--- Data listing ---
----------

section \<open>Coordinates along a path\<close>

lemma two_coordinates_step_from_full:
  fixes a b R R' c :: real
  assumes a: "\<bar>a\<bar> = R" and b: "\<bar>b\<bar> \<le> R" and "0 \<le> R'" "\<bar>R - R'\<bar> \<le> c" "c \<le> R + R'"
  shows "\<exists>a' b'. max \<bar>a'\<bar> \<bar>b'\<bar> = R' \<and> max \<bar>a - a'\<bar> \<bar>b - b'\<bar> = c"
proof -
  have c: "0 \<le> c" "R - R' \<le> c" "R' - R \<le> c"
    using assms(4) by (auto simp: abs_le_iff)
  show ?thesis
  proof (cases "c \<le> R'")
    case True
    define a' where "a' = (if a < 0 then - R' else R')"
    define b' where "b' = (if b < 0 then b + c else b - c)"
    have "\<bar>a'\<bar> = R'" "\<bar>a - a'\<bar> \<le> c"
      using a assms(3) c by (auto simp: a'_def abs_if)
    moreover have "\<bar>b'\<bar> \<le> R'" "\<bar>b - b'\<bar> = c"
      using b True c by (auto simp: b'_def abs_le_iff)
    ultimately show ?thesis
      by (intro exI[of _ a'] exI[of _ b']) (simp add: max_def)
  next
    case False
    define a' where "a' = (if a < 0 then a + c else a - c)"
    define b' where "b' = (if b < 0 then - R' else R')"
    have "\<bar>a'\<bar> \<le> R'" "\<bar>a - a'\<bar> = c"
      using a c assms(5) by (auto simp: a'_def abs_if)
    moreover have "\<bar>b'\<bar> = R'" "\<bar>b - b'\<bar> \<le> c"
      using b False assms(3) c by (auto simp: b'_def abs_if)
    ultimately show ?thesis
      by (intro exI[of _ a'] exI[of _ b']) (simp add: max_def)
  qed
qed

----------

--- Exercise ---
The line with "- a'\<bar> \<le>", plus every line after it through the end of the listing, needs to be repeated exactly; nothing else belongs in the reply.

--- Your response ---
    have "\<bar>a'\<bar> = R'" "\<bar>a - a'\<bar> \<le> c"
      using a assms(3) c by (auto simp: a'_def abs_if)
    moreover have "\<bar>b'\<bar> \<le> R'" "\<bar>b - b'\<bar> = c"
      using b True c by (auto simp: b'_def abs_le_iff)
    ultimately show ?thesis
      by (intro exI[of _ a'] exI[of _ b']) (simp add: max_def)
  next
    case False
    define a' where "a' = (if a < 0 then a + c else a - c)"
    define b' where "b' = (if b < 0 then - R' else R')"
    have "\<bar>a'\<bar> \<le> R'" "\<bar>a - a'\<bar> = c"
      using a c assms(5) by (auto simp: a'_def abs_if)
    moreover have "\<bar>b'\<bar> = R'" "\<bar>b - b'\<bar> \<le> c"
      using b False assms(3) c by (auto simp: b'_def abs_if)
    ultimately show ?thesis
      by (intro exI[of _ a'] exI[of _ b']) (simp add: max_def)
  qed
qed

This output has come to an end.